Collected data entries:

━━━━━━━━

lemma (in prob_space) npos_deviation_prob_le:
  fixes Y :: "nat \<Rightarrow> 'a \<Rightarrow> int" and Y' :: "'a \<Rightarrow> int"
  assumes indep: "indep_vars (\<lambda>_. count_space UNIV) Y {..<n}"
    and ident: "\<And>i. i < n \<Longrightarrow> distr M (count_space UNIV) (Y i) = distr M (count_space UNIV) Y'"
    and Y'_meas: "Y' \<in> measurable M (count_space UNIV)"
    and "n > 0" "t \<ge> 0"
  shows "prob {\<omega> \<in> space M. t \<le> \<bar>real (npos n Y \<omega>) / real n - prob {\<omega> \<in> space M. Y' \<omega> = 1}\<bar>}
           \<le> 2 * exp (-2 * real n * t\<^sup>2)"
proof -
  define Z where "Z = (\<lambda>i \<omega>. indicator {1} (Y i \<omega>) :: real)"
  define Z' where "Z' = (\<lambda>\<omega>. indicator {1} (Y' \<omega>) :: real)"
  have ind_meas: "(indicator {1} :: int \<Rightarrow> real) \<in> borel_measurable (count_space UNIV)"
    by simp
  interpret H: Hoeffding_ineq_iid M "{..<n}" Z Z' 0 1 "expectation Z'"
  proof unfold_locales
    show "indep_vars (\<lambda>_. borel) Z {..<n}"
      unfolding Z_def using indep_vars_compose2[OF indep, of "\<lambda>_. indicator {1}" "\<lambda>_. borel"] by simp
    show "distr M borel (Z i) = distr M borel Z'" if "i \<in> {..<n}" for i
    proof -
      have Y_meas: "Y i \<in> measurable M (count_space UNIV)"
        using indep that by (auto simp: indep_vars_def)
      show ?thesis
        using distr_distr[OF ind_meas Y_meas] distr_distr[OF ind_meas Y'_meas] ident that
        by (simp add: Z_def Z'_def comp_def)
    qed
    show "random_variable borel Z'"
      unfolding Z'_def using measurable_compose[OF Y'_meas ind_meas] .
  qed (auto simp: Z'_def)
  have "{\<omega> \<in> space M. Y' \<omega> = 1} \<in> events"
    using Y'_meas by measurable
  moreover have "expectation Z' = expectation (indicator {\<omega> \<in> space M. Y' \<omega> = 1})"
    by (rule Bochner_Integration.integral_cong) (auto simp: Z'_def indicator_def)
  ultimately have "expectation Z' = prob {\<omega> \<in> space M. Y' \<omega> = 1}"
    by simp
  then show ?thesis
    using H.Hoeffding_ineq_abs_ge'[of t] \<open>n > 0\<close> \<open>t \<ge> 0\<close>
    by (simp add: Z_def real_npos_eq_sum_indicator lessThan_empty_iff)
qed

━━━━━━━━

Your assignment:
Using the records above, set down exactly the lines from the one with "t \<le> \<bar>real" through the one with "using H.Hoeffding_ineq_abs_ge'[of t]", inclusive, and nothing more.

Output of the exercise:
  shows "prob {\<omega> \<in> space M. t \<le> \<bar>real (npos n Y \<omega>) / real n - prob {\<omega> \<in> space M. Y' \<omega> = 1}\<bar>}
           \<le> 2 * exp (-2 * real n * t\<^sup>2)"
proof -
  define Z where "Z = (\<lambda>i \<omega>. indicator {1} (Y i \<omega>) :: real)"
  define Z' where "Z' = (\<lambda>\<omega>. indicator {1} (Y' \<omega>) :: real)"
  have ind_meas: "(indicator {1} :: int \<Rightarrow> real) \<in> borel_measurable (count_space UNIV)"
    by simp
  interpret H: Hoeffding_ineq_iid M "{..<n}" Z Z' 0 1 "expectation Z'"
  proof unfold_locales
    show "indep_vars (\<lambda>_. borel) Z {..<n}"
      unfolding Z_def using indep_vars_compose2[OF indep, of "\<lambda>_. indicator {1}" "\<lambda>_. borel"] by simp
    show "distr M borel (Z i) = distr M borel Z'" if "i \<in> {..<n}" for i
    proof -
      have Y_meas: "Y i \<in> measurable M (count_space UNIV)"
        using indep that by (auto simp: indep_vars_def)
      show ?thesis
        using distr_distr[OF ind_meas Y_meas] distr_distr[OF ind_meas Y'_meas] ident that
        by (simp add: Z_def Z'_def comp_def)
    qed
    show "random_variable borel Z'"
      unfolding Z'_def using measurable_compose[OF Y'_meas ind_meas] .
  qed (auto simp: Z'_def)
  have "{\<omega> \<in> space M. Y' \<omega> = 1} \<in> events"
    using Y'_meas by measurable
  moreover have "expectation Z' = expectation (indicator {\<omega> \<in> space M. Y' \<omega> = 1})"
    by (rule Bochner_Integration.integral_cong) (auto simp: Z'_def indicator_def)
  ultimately have "expectation Z' = prob {\<omega> \<in> space M. Y' \<omega> = 1}"
    by simp
  then show ?thesis
    using H.Hoeffding_ineq_abs_ge'[of t] \<open>n > 0\<close> \<open>t \<ge> 0\<close>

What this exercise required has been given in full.